En el clima espiritual de la comunión de los santos, me complace recordar a los nueve hermanos y hermanas canonizados durante el último año: Alonso de Orozco, Ignacio de Santhià, Humilde de Bisignano, Paulina del Corazón Agonizante de Jesús, Benedicta Cambiagio Frassinello, Pío de Pietrelcina, Pedro de San José de Betancur, Juan Diego de Guadalupe y Josemaría Escrivá de Balaguer.
Al pensar en estos luminosos testigos del Evangelio, damos gracias a Dios, "fuente de toda santidad", por haberlos donado a la Iglesia y al mundo. Con su ejemplo, demuestran que "todos los fieles —como enseña el Concilio— están llamados a la plenitud de la vida cristiana y a la perfección de la caridad" (Lumen gentium, 40), tendiendo al "alto grado" de la vida cristiana ordinaria (cf. Novo millennio ineunte, 31).
2. La fiesta de hoy nos invita a dirigir la mirada al cielo, meta de nuestra peregrinación terrena. Allí nos espera la asamblea festiva de los santos. Allí nos encontraremos de nuevo con nuestros seres queridos difuntos, por los cuales se elevará la oración en la gran conmemoración litúrgica de mañana.
Los fieles cristianos y las familias visitan en estos días los cementerios, donde descansan los restos mortales de sus familiares, en espera de la resurrección final. También yo vuelvo espiritualmente a las tumbas de mis seres queridos, ante las cuales recientemente tuve ocasión de orar, durante mi viaje apostólico a Cracovia.
Con todo, el 2 de noviembre nos pide que no olvidemos, más aún, que en cierto sentido demos prioridad en la oración a las almas de tantos difuntos que nadie recuerda, para encomendarlos al abrazo de la Misericordia divina.
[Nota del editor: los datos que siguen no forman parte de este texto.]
(* Let $a\ge0$ and let $B\subset\mathcal{L}^+_a$ be compact with respect to the topology of uniform convergence on compact subsets of $\mathbb{C}$. If $B$ does not contain the function $f\equiv0$, then $B$ is compact in $\mathcal{A}_a$.
   Context: For $b>0$, $\|f\|_b=\sup_{k\in\mathbb{N}_0}b^{-k}|f^{(k)}(0)|$; $\mathcal{A}_a=\{f\text{ entire}:\|f\|_b<\infty\ \forall b>a\}$ with topology generated by $\{\|\cdot\|_b:b>a\}$. $\mathcal{L}^+$ is the set of entire functions $Cz^le^{\alpha z}\prod_{j\ge1}(1+\beta_jz)$ with $C\in\mathbb{C}$, $l\in\mathbb{N}_0$, $\alpha\ge0$, $\beta_j\ge\beta_{j+1}\ge0$, $\sum_j\beta_j<\infty$; $\mathcal{L}^+_a=\mathcal{L}^+\cap\mathcal{A}_a$. *)

theory Defs
  imports "HOL-Analysis.Analysis"
begin

definition normb :: "real \<Rightarrow> (complex \<Rightarrow> complex) \<Rightarrow> ereal" where
  "normb b f = (SUP k::nat. ereal (cmod ((deriv ^^ k) f 0) / b ^ k))"

definition A_space :: "real \<Rightarrow> (complex \<Rightarrow> complex) set" where
  "A_space a = {f. f holomorphic_on UNIV \<and> (\<forall>b>a. normb b f < \<infinity>)}"

definition A_topology :: "real \<Rightarrow> (complex \<Rightarrow> complex) topology" where
  "A_topology a = topology_generated_by
     {{g \<in> A_space a. normb b (\<lambda>z. g z - f z) < ereal r} | f b r.
        f \<in> A_space a \<and> b > a \<and> r > 0}"

definition LU_topology :: "(complex \<Rightarrow> complex) topology" where
  "LU_topology = topology_generated_by
     {{g. g holomorphic_on UNIV \<and> (\<forall>z\<in>K. cmod (g z - f z) < r)} | f K r.
        f holomorphic_on UNIV \<and> compact K \<and> r > 0}"

definition Lplus :: "(complex \<Rightarrow> complex) set" where
  "Lplus = {f. \<exists>(C::complex) (l::nat) (\<alpha>::real) (\<beta>::nat \<Rightarrow> real).
      \<alpha> \<ge> 0 \<and> (\<forall>j. \<beta> j \<ge> 0) \<and> (\<forall>j. \<beta> (Suc j) \<le> \<beta> j) \<and> summable \<beta> \<and>
      (\<forall>z. f z = C * z ^ l * exp (complex_of_real \<alpha> * z) *
                   (\<Prod>j. 1 + complex_of_real (\<beta> j) * z))}"

definition Lplus_a :: "real \<Rightarrow> (complex \<Rightarrow> complex) set" where
  "Lplus_a a = Lplus \<inter> A_space a"

end

theory Submission
  imports Defs "HOL-Complex_Analysis.Complex_Analysis"
begin

text \<open>The identity map from \<open>B\<close>, with the topology of locally uniform convergence, to \<open>A_a\<close> is
  continuous, so compactness carries over. For \<open>h \<in> L\<^sup>+\<close>, \<open>ln |h|\<close> is concave on the positive
  axis and \<open>|h z| \<le> |h |z||\<close>; hence an estimate \<open>|h r1| \<le> exp (c (r1 - 1)) |h 1|\<close> propagates
  to \<open>|h z| \<le> K exp (c |z|)\<close> on all of \<open>\<complex>\<close>. For \<open>g0 \<in> B\<close> of exponential type \<open>b1 < c\<close> this
  estimate holds with room to spare at a large radius \<open>r1\<close> (here \<open>g0 \<noteq> 0\<close> is used), so it
  holds uniformly for all \<open>h \<in> L\<^sup>+\<close> close to \<open>g0\<close> on the disc of radius \<open>r1\<close>. Cauchy's estimates
  then make the seminorm \<open>\<parallel>h - g0\<parallel>\<^sub>b\<close> small for \<open>b > c\<close>: finitely many Taylor coefficients are
  controlled by closeness on the unit disc, the remaining ones by the common exponential bound.\<close>

section \<open>Taylor coefficients and exponential growth\<close>

lemma normb_le_ereal_iff:
  "normb b f \<le> ereal d \<longleftrightarrow> (\<forall>k. cmod ((deriv ^^ k) f 0) / b ^ k \<le> d)"
  unfolding normb_def by (simp add: SUP_le_iff)

lemma normb_finite_imp_higher_deriv_le:
  assumes "normb b f < \<infinity>" "b > 0"
  obtains N where "N > 0" "\<And>k. cmod ((deriv ^^ k) f 0) \<le> N * b ^ k"
proof -
  obtain d where "normb b f \<le> ereal d"
    using ereal_dense2[OF assms(1)] by (blast intro: less_imp_le)
  then have "cmod ((deriv ^^ k) f 0) / b ^ k \<le> max d 1" for k
    by (simp add: normb_le_ereal_iff le_max_iff_disj)
  then have "cmod ((deriv ^^ k) f 0) \<le> max d 1 * b ^ k" for k
    using assms(2) by (simp add: divide_le_eq)
  then show ?thesis
    using that[of "max d 1"] by simp
qed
Pienso, en particular, en todos los que, durante el año transcurrido, han dejado este mundo. Ruego especialmente por las víctimas de los sangrientos sucesos que en los meses pasados, y también durante estos días, han seguido afligiendo a la humanidad. La conmemoración de todos los difuntos ha de ser también una invocación común de paz: paz para quien ha vivido, paz para quien vive y paz para quien vivirá.
3. En la gloria del Paraíso resplandece la Virgen María, a la que Cristo coronó como Reina de los ángeles y de los santos. A ella, "señal de esperanza cierta y de consuelo" (Lumen gentium, 68), mira la Iglesia peregrinante, con el deseo de unirse a la triunfante en la patria celestial. A María santísima le encomendamos a todos los difuntos, para que se les conceda la felicidad eterna.
Después del Ángelus
En los últimos días se han verificado violentos fenómenos sísmicos en Sicilia y en otras zonas del centro y sur de Italia, que han causado grandes sufrimientos y pruebas a esas queridas poblaciones. En particular, en la jornada de ayer, un terremoto de fuerte intensidad azotó a Molise, produciendo daños en Pulla y Abruzos.
Deseo expresar mi profunda cercanía espiritual a las personas afectadas por esos trágicos sucesos, pensando especialmente en los niños implicados en el derrumbe del edificio de una escuela en San Giuliano di Puglia. Al mismo tiempo que elevo al Señor mi ferviente oración por las víctimas y por sus familiares, dirijo una afectuosa palabra de aliento a los supervivientes y a las personas que están prestando socorro, deseando que los sostenga la solidaridad de toda la nación.